### Try it
Once the line with "using gprod_closed assms that by simp" is found in the data, output it and each following line exactly, up to and including the line with "using coset_join1 cl C by blast", and nothing before or after.

Saved data entries:
● ● ● ●

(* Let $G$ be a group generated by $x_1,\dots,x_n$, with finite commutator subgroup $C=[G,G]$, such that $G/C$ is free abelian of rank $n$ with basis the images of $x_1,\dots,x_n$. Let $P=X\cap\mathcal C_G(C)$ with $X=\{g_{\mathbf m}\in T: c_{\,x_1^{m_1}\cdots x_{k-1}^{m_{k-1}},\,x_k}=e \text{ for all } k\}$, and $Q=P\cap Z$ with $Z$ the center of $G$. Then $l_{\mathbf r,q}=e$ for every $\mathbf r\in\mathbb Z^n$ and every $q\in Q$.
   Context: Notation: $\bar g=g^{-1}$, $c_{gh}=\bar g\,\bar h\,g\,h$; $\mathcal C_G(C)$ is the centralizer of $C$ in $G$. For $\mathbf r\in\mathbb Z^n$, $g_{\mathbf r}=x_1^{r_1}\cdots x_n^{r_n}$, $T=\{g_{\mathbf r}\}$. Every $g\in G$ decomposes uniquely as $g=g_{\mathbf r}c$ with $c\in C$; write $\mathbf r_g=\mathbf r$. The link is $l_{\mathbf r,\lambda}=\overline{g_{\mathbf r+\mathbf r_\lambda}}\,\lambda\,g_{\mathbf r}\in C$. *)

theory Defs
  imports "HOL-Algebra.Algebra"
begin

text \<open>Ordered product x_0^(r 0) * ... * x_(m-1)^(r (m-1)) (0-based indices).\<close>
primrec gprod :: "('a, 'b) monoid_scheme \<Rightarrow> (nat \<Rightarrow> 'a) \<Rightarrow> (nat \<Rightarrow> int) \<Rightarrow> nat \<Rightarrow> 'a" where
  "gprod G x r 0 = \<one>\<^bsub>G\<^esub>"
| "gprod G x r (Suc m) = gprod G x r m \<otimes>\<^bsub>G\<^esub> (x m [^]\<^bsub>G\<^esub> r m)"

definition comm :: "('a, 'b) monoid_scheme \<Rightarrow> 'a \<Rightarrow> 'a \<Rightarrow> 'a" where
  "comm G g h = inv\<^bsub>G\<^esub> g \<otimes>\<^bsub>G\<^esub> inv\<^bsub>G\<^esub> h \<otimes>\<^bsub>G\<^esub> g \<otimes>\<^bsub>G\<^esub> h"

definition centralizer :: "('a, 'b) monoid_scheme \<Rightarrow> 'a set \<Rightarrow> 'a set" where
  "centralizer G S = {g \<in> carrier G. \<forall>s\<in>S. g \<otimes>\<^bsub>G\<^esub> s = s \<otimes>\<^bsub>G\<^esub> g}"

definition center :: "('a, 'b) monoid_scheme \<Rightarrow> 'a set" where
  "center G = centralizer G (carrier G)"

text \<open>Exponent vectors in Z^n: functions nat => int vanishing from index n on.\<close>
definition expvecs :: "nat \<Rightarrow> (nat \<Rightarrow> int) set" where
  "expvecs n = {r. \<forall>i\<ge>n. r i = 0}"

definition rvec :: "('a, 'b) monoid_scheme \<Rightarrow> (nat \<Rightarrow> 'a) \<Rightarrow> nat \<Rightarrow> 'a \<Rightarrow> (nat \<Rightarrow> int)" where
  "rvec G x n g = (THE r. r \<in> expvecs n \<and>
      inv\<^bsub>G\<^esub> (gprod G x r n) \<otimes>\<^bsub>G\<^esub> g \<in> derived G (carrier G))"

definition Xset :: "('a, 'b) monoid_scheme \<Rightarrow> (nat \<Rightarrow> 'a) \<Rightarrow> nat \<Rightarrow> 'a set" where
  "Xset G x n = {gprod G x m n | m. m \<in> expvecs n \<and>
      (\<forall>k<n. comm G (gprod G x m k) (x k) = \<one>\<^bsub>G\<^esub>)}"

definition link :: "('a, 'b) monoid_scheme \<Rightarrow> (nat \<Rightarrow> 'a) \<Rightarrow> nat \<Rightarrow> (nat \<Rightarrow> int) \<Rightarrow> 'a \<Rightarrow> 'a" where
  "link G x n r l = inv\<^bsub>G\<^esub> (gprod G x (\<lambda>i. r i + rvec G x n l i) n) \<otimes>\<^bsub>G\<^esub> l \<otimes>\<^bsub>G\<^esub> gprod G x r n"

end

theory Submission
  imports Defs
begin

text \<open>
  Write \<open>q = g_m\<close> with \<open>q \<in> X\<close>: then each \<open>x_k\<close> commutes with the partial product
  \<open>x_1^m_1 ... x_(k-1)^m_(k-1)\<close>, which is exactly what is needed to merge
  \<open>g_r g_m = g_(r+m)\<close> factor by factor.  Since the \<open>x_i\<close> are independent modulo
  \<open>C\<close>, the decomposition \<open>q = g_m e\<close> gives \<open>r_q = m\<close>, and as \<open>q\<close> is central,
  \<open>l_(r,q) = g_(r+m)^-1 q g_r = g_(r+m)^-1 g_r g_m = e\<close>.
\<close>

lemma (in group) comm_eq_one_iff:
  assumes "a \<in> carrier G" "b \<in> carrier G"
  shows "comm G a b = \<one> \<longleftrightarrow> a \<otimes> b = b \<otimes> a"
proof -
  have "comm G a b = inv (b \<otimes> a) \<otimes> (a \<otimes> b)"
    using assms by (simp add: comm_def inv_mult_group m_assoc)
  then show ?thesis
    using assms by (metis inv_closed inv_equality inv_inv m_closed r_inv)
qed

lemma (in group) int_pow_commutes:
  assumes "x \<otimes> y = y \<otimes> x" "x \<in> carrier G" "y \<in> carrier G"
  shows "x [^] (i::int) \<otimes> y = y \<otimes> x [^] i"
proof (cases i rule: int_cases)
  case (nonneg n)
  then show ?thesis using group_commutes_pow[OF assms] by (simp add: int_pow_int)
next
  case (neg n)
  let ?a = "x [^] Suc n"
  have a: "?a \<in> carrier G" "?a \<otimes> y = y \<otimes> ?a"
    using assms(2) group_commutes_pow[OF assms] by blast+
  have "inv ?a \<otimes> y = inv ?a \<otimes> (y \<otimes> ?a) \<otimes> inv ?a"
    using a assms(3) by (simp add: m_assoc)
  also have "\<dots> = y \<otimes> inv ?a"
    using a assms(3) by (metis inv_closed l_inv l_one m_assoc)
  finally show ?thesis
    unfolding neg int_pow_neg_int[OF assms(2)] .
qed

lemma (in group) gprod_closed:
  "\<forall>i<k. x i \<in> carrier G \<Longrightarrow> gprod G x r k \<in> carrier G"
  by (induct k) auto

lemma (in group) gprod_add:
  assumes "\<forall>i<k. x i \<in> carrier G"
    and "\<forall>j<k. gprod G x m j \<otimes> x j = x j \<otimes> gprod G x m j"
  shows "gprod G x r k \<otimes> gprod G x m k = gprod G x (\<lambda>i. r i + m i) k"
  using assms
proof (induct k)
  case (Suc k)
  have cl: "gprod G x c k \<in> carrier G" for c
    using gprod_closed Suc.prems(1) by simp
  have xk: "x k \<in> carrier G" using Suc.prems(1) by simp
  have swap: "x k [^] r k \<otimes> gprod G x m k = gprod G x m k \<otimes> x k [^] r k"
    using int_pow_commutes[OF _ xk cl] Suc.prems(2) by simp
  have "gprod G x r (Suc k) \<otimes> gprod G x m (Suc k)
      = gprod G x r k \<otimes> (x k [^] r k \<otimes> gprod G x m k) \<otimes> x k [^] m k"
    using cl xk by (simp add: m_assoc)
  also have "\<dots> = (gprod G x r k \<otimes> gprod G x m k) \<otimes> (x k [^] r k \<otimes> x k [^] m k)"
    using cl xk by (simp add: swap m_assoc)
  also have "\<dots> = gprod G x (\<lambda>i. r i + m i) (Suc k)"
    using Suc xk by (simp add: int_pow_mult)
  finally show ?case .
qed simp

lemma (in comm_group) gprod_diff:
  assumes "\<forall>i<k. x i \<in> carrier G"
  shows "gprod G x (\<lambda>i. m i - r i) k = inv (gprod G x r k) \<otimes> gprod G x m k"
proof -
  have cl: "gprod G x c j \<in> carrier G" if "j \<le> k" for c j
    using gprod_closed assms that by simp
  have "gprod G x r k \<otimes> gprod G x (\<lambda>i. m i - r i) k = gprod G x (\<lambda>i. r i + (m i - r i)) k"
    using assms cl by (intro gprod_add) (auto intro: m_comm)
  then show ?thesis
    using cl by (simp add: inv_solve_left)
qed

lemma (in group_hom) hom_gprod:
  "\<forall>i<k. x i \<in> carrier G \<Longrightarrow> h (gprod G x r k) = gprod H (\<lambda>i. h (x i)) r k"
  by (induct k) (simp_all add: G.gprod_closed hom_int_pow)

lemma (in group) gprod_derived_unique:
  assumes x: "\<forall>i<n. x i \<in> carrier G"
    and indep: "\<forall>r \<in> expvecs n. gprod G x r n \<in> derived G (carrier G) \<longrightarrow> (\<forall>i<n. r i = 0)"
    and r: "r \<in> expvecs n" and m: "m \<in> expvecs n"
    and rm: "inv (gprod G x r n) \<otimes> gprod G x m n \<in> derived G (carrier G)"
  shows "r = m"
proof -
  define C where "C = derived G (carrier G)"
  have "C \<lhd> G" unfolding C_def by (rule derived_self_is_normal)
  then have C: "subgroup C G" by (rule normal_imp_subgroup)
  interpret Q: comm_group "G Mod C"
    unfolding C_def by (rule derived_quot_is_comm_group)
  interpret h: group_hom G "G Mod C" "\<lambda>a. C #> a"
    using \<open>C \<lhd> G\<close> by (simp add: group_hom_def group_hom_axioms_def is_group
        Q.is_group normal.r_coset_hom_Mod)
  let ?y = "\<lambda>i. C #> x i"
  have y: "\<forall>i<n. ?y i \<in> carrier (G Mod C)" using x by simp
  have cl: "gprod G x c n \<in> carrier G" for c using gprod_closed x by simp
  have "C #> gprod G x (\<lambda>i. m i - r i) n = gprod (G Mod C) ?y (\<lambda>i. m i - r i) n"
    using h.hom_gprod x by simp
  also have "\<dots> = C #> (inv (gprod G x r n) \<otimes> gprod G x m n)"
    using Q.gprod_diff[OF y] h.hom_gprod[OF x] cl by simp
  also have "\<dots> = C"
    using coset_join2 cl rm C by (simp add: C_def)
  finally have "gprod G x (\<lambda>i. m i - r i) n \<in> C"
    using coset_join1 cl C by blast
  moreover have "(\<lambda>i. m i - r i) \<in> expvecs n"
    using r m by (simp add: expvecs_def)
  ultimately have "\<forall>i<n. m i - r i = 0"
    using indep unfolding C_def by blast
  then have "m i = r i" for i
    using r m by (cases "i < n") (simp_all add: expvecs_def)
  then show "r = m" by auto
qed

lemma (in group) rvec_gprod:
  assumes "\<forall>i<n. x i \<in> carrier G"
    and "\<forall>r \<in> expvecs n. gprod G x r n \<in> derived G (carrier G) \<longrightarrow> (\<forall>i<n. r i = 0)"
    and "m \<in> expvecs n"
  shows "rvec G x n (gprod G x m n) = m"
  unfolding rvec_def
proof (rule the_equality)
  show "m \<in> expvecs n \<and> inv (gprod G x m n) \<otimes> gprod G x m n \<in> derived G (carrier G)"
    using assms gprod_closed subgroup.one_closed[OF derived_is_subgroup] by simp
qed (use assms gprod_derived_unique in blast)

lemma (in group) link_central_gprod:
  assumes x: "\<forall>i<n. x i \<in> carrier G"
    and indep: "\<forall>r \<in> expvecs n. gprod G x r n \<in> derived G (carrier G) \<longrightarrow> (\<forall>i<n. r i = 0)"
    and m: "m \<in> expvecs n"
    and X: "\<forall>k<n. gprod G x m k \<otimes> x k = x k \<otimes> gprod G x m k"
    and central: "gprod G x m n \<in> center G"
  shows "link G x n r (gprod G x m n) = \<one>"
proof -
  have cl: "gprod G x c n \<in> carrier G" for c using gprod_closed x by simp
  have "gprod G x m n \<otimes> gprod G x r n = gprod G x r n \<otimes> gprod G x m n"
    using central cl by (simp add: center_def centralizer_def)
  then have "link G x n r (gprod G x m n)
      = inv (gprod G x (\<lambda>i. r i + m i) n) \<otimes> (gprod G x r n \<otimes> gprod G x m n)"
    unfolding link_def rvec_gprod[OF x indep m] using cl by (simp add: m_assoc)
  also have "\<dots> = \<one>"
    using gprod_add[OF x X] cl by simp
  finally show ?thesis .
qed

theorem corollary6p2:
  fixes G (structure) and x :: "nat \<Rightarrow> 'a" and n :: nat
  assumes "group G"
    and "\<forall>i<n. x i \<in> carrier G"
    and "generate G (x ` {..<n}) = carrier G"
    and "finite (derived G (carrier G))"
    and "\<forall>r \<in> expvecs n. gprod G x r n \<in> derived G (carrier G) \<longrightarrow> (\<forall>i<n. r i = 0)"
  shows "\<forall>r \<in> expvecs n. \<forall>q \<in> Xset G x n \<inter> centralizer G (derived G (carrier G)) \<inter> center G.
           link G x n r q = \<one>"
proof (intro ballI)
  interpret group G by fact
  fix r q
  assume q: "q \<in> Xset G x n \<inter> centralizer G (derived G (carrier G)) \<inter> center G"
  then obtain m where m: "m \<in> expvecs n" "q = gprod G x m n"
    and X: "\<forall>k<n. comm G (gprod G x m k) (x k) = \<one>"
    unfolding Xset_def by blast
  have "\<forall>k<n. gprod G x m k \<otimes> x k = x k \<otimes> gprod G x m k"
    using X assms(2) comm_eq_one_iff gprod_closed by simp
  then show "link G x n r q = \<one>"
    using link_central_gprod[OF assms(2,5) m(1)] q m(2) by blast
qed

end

● ● ● ●

### Written reply
    using gprod_closed assms that by simp
  have "gprod G x r k \<otimes> gprod G x (\<lambda>i. m i - r i) k = gprod G x (\<lambda>i. r i + (m i - r i)) k"
    using assms cl by (intro gprod_add) (auto intro: m_comm)
  then show ?thesis
    using cl by (simp add: inv_solve_left)
qed

lemma (in group_hom) hom_gprod:
  "\<forall>i<k. x i \<in> carrier G \<Longrightarrow> h (gprod G x r k) = gprod H (\<lambda>i. h (x i)) r k"
  by (induct k) (simp_all add: G.gprod_closed hom_int_pow)

lemma (in group) gprod_derived_unique:
  assumes x: "\<forall>i<n. x i \<in> carrier G"
    and indep: "\<forall>r \<in> expvecs n. gprod G x r n \<in> derived G (carrier G) \<longrightarrow> (\<forall>i<n. r i = 0)"
    and r: "r \<in> expvecs n" and m: "m \<in> expvecs n"
    and rm: "inv (gprod G x r n) \<otimes> gprod G x m n \<in> derived G (carrier G)"
  shows "r = m"
proof -
  define C where "C = derived G (carrier G)"
  have "C \<lhd> G" unfolding C_def by (rule derived_self_is_normal)
  then have C: "subgroup C G" by (rule normal_imp_subgroup)
  interpret Q: comm_group "G Mod C"
    unfolding C_def by (rule derived_quot_is_comm_group)
  interpret h: group_hom G "G Mod C" "\<lambda>a. C #> a"
    using \<open>C \<lhd> G\<close> by (simp add: group_hom_def group_hom_axioms_def is_group
        Q.is_group normal.r_coset_hom_Mod)
  let ?y = "\<lambda>i. C #> x i"
  have y: "\<forall>i<n. ?y i \<in> carrier (G Mod C)" using x by simp
  have cl: "gprod G x c n \<in> carrier G" for c using gprod_closed x by simp
  have "C #> gprod G x (\<lambda>i. m i - r i) n = gprod (G Mod C) ?y (\<lambda>i. m i - r i) n"
    using h.hom_gprod x by simp
  also have "\<dots> = C #> (inv (gprod G x r n) \<otimes> gprod G x m n)"
    using Q.gprod_diff[OF y] h.hom_gprod[OF x] cl by simp
  also have "\<dots> = C"
    using coset_join2 cl rm C by (simp add: C_def)
  finally have "gprod G x (\<lambda>i. m i - r i) n \<in> C"
    using coset_join1 cl C by blast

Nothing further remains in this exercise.